--- Activity ---
When the line containing "obtain \<omega> c" appears in the data below, begin copying there and stop only after the line containing "(sphere (of_real k".

==== Input for this task ====

lemma horocycle_Int_ideal_geodesic_frame:
  fixes c s r :: real
  assumes s: "s \<noteq> 0" and cs: "c\<^sup>2 + s\<^sup>2 = 1" and r: "0 < r" "r < 1"
  shows "sphere (of_real (1 - r) * Complex c (-s)) r \<inter> ideal_geodesic (Complex c (-s)) (Complex c s)
    = {horocycle_geodesic_point c s r}"
proof -
  define a where "a = Complex c (-s)"
  define D where "D = s\<^sup>2 + r\<^sup>2 * c\<^sup>2"
  have a: "cmod a = 1" "a * (cnj a * w) = w" for w
    using cs by (simp_all add: a_def cmod_def complex_eq_iff power2_eq_square algebra_simps)
  have solution: "(Re u)\<^sup>2 + (Im u)\<^sup>2 + 2 * r * Re u = 0 \<and> s * Im u = - r * c * Re u \<and> Re u < 0
      \<longleftrightarrow> u = Complex (- 2 * r * s\<^sup>2 / D) (2 * r\<^sup>2 * c * s / D)" for u
    using frame_horocycle_equations[OF s r(1), where c = c and x = "Re u" and y = "Im u", folded D_def]
    by (simp add: complex_eq_iff)
  define u0 where "u0 = Complex (- 2 * r * s\<^sup>2 / D) (2 * r\<^sup>2 * c * s / D)"
  have "w \<in> sphere (of_real (1 - r) * a) r \<inter> ideal_geodesic a (Complex c s) \<longleftrightarrow> w = a * (1 + u0)" for w
  proof -
    obtain u where w: "w = a * (1 + u)"
      using a(2)[of w] by (metis add.commute diff_add_cancel)
    have "a \<noteq> 0"
      using a(1) by auto
    then show ?thesis
      unfolding w mem_horocycle_Int_ideal_geodesic_frame[OF s cs r, folded a_def] solution u0_def[symmetric] by simp
  qed
  moreover have "horocycle_geodesic_point c s r = a * (1 + u0)"
  proof -
    have "D \<noteq> 0"
      using s by (simp add: D_def add_nonneg_eq_0_iff)
    then show ?thesis
      unfolding horocycle_geodesic_point_def D_def[symmetric]
      by (simp add: a_def u0_def complex_eq_iff field_simps) (use cs in \<open>simp add: D_def, algebra\<close>)
  qed
  ultimately show ?thesis
    unfolding a_def[symmetric] by (simp add: set_eq_iff)
qed

lemma horocycle_geodesic_point_norm:
  assumes s: "s \<noteq> 0" and cs: "c\<^sup>2 + s\<^sup>2 = 1"
  shows "1 - (cmod (horocycle_geodesic_point c s r))\<^sup>2 = 4 * r * (1 - r) * s\<^sup>2 / (s\<^sup>2 + r\<^sup>2 * c\<^sup>2)"
proof -
  define D where "D = s\<^sup>2 + r\<^sup>2 * c\<^sup>2"
  define N where "N = (c * ((1 - r)\<^sup>2 * s\<^sup>2 + r\<^sup>2))\<^sup>2 + (s * ((1 - r)\<^sup>2 * s\<^sup>2 - r\<^sup>2))\<^sup>2"
  have "D \<noteq> 0"
    using s by (simp add: D_def add_nonneg_eq_0_iff)
  have "(cmod (horocycle_geodesic_point c s r))\<^sup>2 = N / D\<^sup>2"
    unfolding horocycle_geodesic_point_def cmod_power2 D_def[symmetric] N_def
    by (simp add: power_divide add_divide_distrib power_mult_distrib)
  moreover have "D\<^sup>2 - N = 4 * r * (1 - r) * s\<^sup>2 * D"
    using cs unfolding D_def N_def by algebra
  moreover have "1 - N / D\<^sup>2 = (D\<^sup>2 - N) / D\<^sup>2"
    using \<open>D \<noteq> 0\<close> by (simp add: field_simps)
  ultimately show ?thesis
    using \<open>D \<noteq> 0\<close> unfolding D_def[symmetric] by (simp add: power2_eq_square)
qed

lemma dist_horocycle_geodesic_points:
  assumes s: "s \<noteq> 0" and cs: "c\<^sup>2 + s\<^sup>2 = 1"
  shows "(cmod (horocycle_geodesic_point c s r1 - horocycle_geodesic_point c (-s) r2))\<^sup>2
    = 4 * s\<^sup>2 * ((1 - r1) * (1 - r2) * s\<^sup>2 - r1 * r2)\<^sup>2 / ((s\<^sup>2 + r1\<^sup>2 * c\<^sup>2) * (s\<^sup>2 + r2\<^sup>2 * c\<^sup>2))"
proof -
  define D1 where "D1 = s\<^sup>2 + r1\<^sup>2 * c\<^sup>2"
  define D2 where "D2 = s\<^sup>2 + r2\<^sup>2 * c\<^sup>2"
  define X where "X = c * ((1 - r1)\<^sup>2 * s\<^sup>2 + r1\<^sup>2) * D2 - c * ((1 - r2)\<^sup>2 * s\<^sup>2 + r2\<^sup>2) * D1"
  define Y where "Y = s * ((1 - r1)\<^sup>2 * s\<^sup>2 - r1\<^sup>2) * D2 + s * ((1 - r2)\<^sup>2 * s\<^sup>2 - r2\<^sup>2) * D1"
  have "D1 \<noteq> 0" "D2 \<noteq> 0"
    using s by (simp_all add: D1_def D2_def add_nonneg_eq_0_iff)
  have points: "horocycle_geodesic_point c s r1
      = Complex (c * ((1 - r1)\<^sup>2 * s\<^sup>2 + r1\<^sup>2) / D1) (- s * ((1 - r1)\<^sup>2 * s\<^sup>2 - r1\<^sup>2) / D1)"
    "horocycle_geodesic_point c (-s) r2
      = Complex (c * ((1 - r2)\<^sup>2 * s\<^sup>2 + r2\<^sup>2) / D2) (s * ((1 - r2)\<^sup>2 * s\<^sup>2 - r2\<^sup>2) / D2)"
    by (simp_all add: horocycle_geodesic_point_def D1_def D2_def)
  have "horocycle_geodesic_point c s r1 - horocycle_geodesic_point c (-s) r2
      = Complex (X / (D1 * D2)) (- Y / (D1 * D2))"
    using \<open>D1 \<noteq> 0\<close> \<open>D2 \<noteq> 0\<close> unfolding points X_def Y_def
    by (simp add: complex_eq_iff field_simps)
  then have "(cmod (horocycle_geodesic_point c s r1 - horocycle_geodesic_point c (-s) r2))\<^sup>2
      = (X\<^sup>2 + Y\<^sup>2) / (D1 * D2)\<^sup>2"
    by (simp add: cmod_power2 power_divide add_divide_distrib)
  moreover have "X\<^sup>2 + Y\<^sup>2 = 4 * s\<^sup>2 * ((1 - r1) * (1 - r2) * s\<^sup>2 - r1 * r2)\<^sup>2 * (D1 * D2)"
    using cs unfolding X_def Y_def D1_def D2_def by algebra
  ultimately show ?thesis
    using \<open>D1 \<noteq> 0\<close> \<open>D2 \<noteq> 0\<close> unfolding D1_def[symmetric] D2_def[symmetric]
    by (simp add: power2_eq_square)
qed

lemma arcosh_mean_inverse:
  fixes M :: real
  assumes "1 \<le> M"
  shows "arcosh ((M + 1 / M) / 2) = ln M"
  using assms arcosh_cosh_real[of "ln M"] cosh_ln_real[of M] by (simp add: inverse_eq_divide)

lemma poincare_dist_horocycle_geodesic_points:
  assumes s: "s \<noteq> 0" and cs: "c\<^sup>2 + s\<^sup>2 = 1"
    and r1: "0 < r1" "r1 < 1" and r2: "0 < r2" "r2 < 1"
    and separated: "r1 * r2 \<le> (1 - r1) * (1 - r2) * s\<^sup>2"
  shows "poincare_dist (horocycle_geodesic_point c s r1) (horocycle_geodesic_point c (-s) r2)
    = ln ((1 - r1) * (1 - r2) * s\<^sup>2 / (r1 * r2))"
proof -
  define K where "K = (1 - r1) * (1 - r2) * s\<^sup>2"
  define R where "R = r1 * r2"
  define D1 where "D1 = s\<^sup>2 + r1\<^sup>2 * c\<^sup>2"
  define D2 where "D2 = s\<^sup>2 + r2\<^sup>2 * c\<^sup>2"
  have pos: "0 < R" "0 < K" "0 < D1" "0 < D2"
    using r1 r2 s by (simp_all add: R_def K_def D1_def D2_def add_pos_nonneg)
  have denominator: "(4 * r1 * (1 - r1) * s\<^sup>2 / D1) * (4 * r2 * (1 - r2) * s\<^sup>2 / D2) = 16 * R * K * s\<^sup>2 / (D1 * D2)"
    unfolding K_def R_def by (simp add: power2_eq_square)
  have "2 * (4 * s\<^sup>2 * (K - R)\<^sup>2 / (D1 * D2))
      / ((4 * r1 * (1 - r1) * s\<^sup>2 / D1) * (4 * r2 * (1 - r2) * s\<^sup>2 / D2))
      = (K - R)\<^sup>2 / (2 * R * K)"
    unfolding denominator using pos s by (simp add: field_simps power2_eq_square)
  moreover have "1 + (K - R)\<^sup>2 / (2 * R * K) = (K / R + 1 / (K / R)) / 2"
    using pos by (simp add: field_simps power2_eq_square)
  ultimately have cosh_eq: "1 + 2 * (cmod (horocycle_geodesic_point c s r1 - horocycle_geodesic_point c (-s) r2))\<^sup>2
      / ((1 - (cmod (horocycle_geodesic_point c s r1))\<^sup>2) * (1 - (cmod (horocycle_geodesic_point c (-s) r2))\<^sup>2))
      = (K / R + 1 / (K / R)) / 2"
    using dist_horocycle_geodesic_points[OF s cs, of r1 r2]
      horocycle_geodesic_point_norm[OF s cs, of r1] horocycle_geodesic_point_norm[of "-s" c r2] s cs
    unfolding K_def R_def D1_def D2_def by simp
  have "1 \<le> K / R"
    using separated pos by (simp add: K_def R_def)
  then show ?thesis
    unfolding poincare_dist_def cosh_eq K_def[symmetric] R_def[symmetric] by (rule arcosh_mean_inverse)
qed

section \<open>Lambda lengths\<close>

lemma poincare_dist_horocycle_points:
  fixes a b :: complex
  assumes a: "cmod a = 1" and b: "cmod b = 1" and "a \<noteq> b"
    and r1: "0 < r1" "r1 < 1" and r2: "0 < r2" "r2 < 1"
    and separated: "4 * r1 * r2 \<le> (1 - r1) * (1 - r2) * (dist a b)\<^sup>2"
  shows "poincare_dist (THE z. z \<in> sphere (of_real (1 - r1) * a) r1 \<inter> ideal_geodesic a b)
                       (THE z. z \<in> sphere (of_real (1 - r2) * b) r2 \<inter> ideal_geodesic a b)
    = ln ((1 - r1) * (1 - r2) * (dist a b)\<^sup>2 / (4 * r1 * r2))"
proof -
  obtain \<omega> c s where \<omega>: "cmod \<omega> = 1" and s: "s \<noteq> 0" and cs: "c\<^sup>2 + s\<^sup>2 = 1"
    and a_eq: "a = \<omega> * Complex c (-s)" and b_eq: "b = \<omega> * Complex c s"
    using unit_pair_frame[OF a b \<open>a \<noteq> b\<close>] by blast
  have "ideal_geodesic (Complex c (-s)) (Complex c s) = ideal_geodesic (Complex c (- (-s))) (Complex c (-s))"
    using ideal_geodesic_frame[OF s cs] ideal_geodesic_frame[of "-s" c] s cs by simp
  then have "sphere (of_real (1 - r2) * Complex c s) r2 \<inter> ideal_geodesic (Complex c (-s)) (Complex c s)
      = {horocycle_geodesic_point c (-s) r2}"
    using horocycle_Int_ideal_geodesic_frame[of "-s" c r2] s cs r2 by simp
  moreover have "sphere (of_real (1 - r1) * Complex c (-s)) r1 \<inter> ideal_geodesic (Complex c (-s)) (Complex c s)
      = {horocycle_geodesic_point c s r1}"
    using horocycle_Int_ideal_geodesic_frame[OF s cs r1] .
  moreover have rotate: "sphere (of_real k * (\<omega> * z)) r \<inter> ideal_geodesic (\<omega> * Complex c (-s)) (\<omega> * Complex c s)
      = (*) \<omega> ` (sphere (of_real k * z) r \<inter> ideal_geodesic (Complex c (-s)) (Complex c s))" for k z r
    using sphere_Int_ideal_geodesic_mult_unit[OF \<omega>, of "of_real k * z"] by (simp add: mult.left_commute)
  ultimately have "(THE z. z \<in> sphere (of_real (1 - r1) * a) r1 \<inter> ideal_geodesic a b)
      = \<omega> * horocycle_geodesic_point c s r1"
    "(THE z. z \<in> sphere (of_real (1 - r2) * b) r2 \<inter> ideal_geodesic a b)
      = \<omega> * horocycle_geodesic_point c (-s) r2"
    unfolding a_eq b_eq rotate by simp_all
  moreover have "dist a b = 2 * \<bar>s\<bar>"
    unfolding a_eq b_eq dist_mult_unit[OF \<omega>] by (simp add: dist_norm cmod_def real_sqrt_mult)
  ultimately show ?thesis
    using poincare_dist_horocycle_geodesic_points[OF s cs r1 r2] separated
    by (simp add: poincare_dist_mult_unit[OF \<omega>] power_mult_distrib mult.assoc)
qed

lemma exp_half_ln:
  fixes M :: real
  assumes "0 < M"
  shows "exp (ln M / 2) = sqrt M"
  using assms by (simp add: powr_half_sqrt[symmetric] powr_def)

====

--- Reply ---
  obtain \<omega> c s where \<omega>: "cmod \<omega> = 1" and s: "s \<noteq> 0" and cs: "c\<^sup>2 + s\<^sup>2 = 1"
    and a_eq: "a = \<omega> * Complex c (-s)" and b_eq: "b = \<omega> * Complex c s"
    using unit_pair_frame[OF a b \<open>a \<noteq> b\<close>] by blast
  have "ideal_geodesic (Complex c (-s)) (Complex c s) = ideal_geodesic (Complex c (- (-s))) (Complex c (-s))"
    using ideal_geodesic_frame[OF s cs] ideal_geodesic_frame[of "-s" c] s cs by simp
  then have "sphere (of_real (1 - r2) * Complex c s) r2 \<inter> ideal_geodesic (Complex c (-s)) (Complex c s)
      = {horocycle_geodesic_point c (-s) r2}"
    using horocycle_Int_ideal_geodesic_frame[of "-s" c r2] s cs r2 by simp
  moreover have "sphere (of_real (1 - r1) * Complex c (-s)) r1 \<inter> ideal_geodesic (Complex c (-s)) (Complex c s)
      = {horocycle_geodesic_point c s r1}"
    using horocycle_Int_ideal_geodesic_frame[OF s cs r1] .
  moreover have rotate: "sphere (of_real k * (\<omega> * z)) r \<inter> ideal_geodesic (\<omega> * Complex c (-s)) (\<omega> * Complex c s)
      = (*) \<omega> ` (sphere (of_real k * z) r \<inter> ideal_geodesic (Complex c (-s)) (Complex c s))" for k z r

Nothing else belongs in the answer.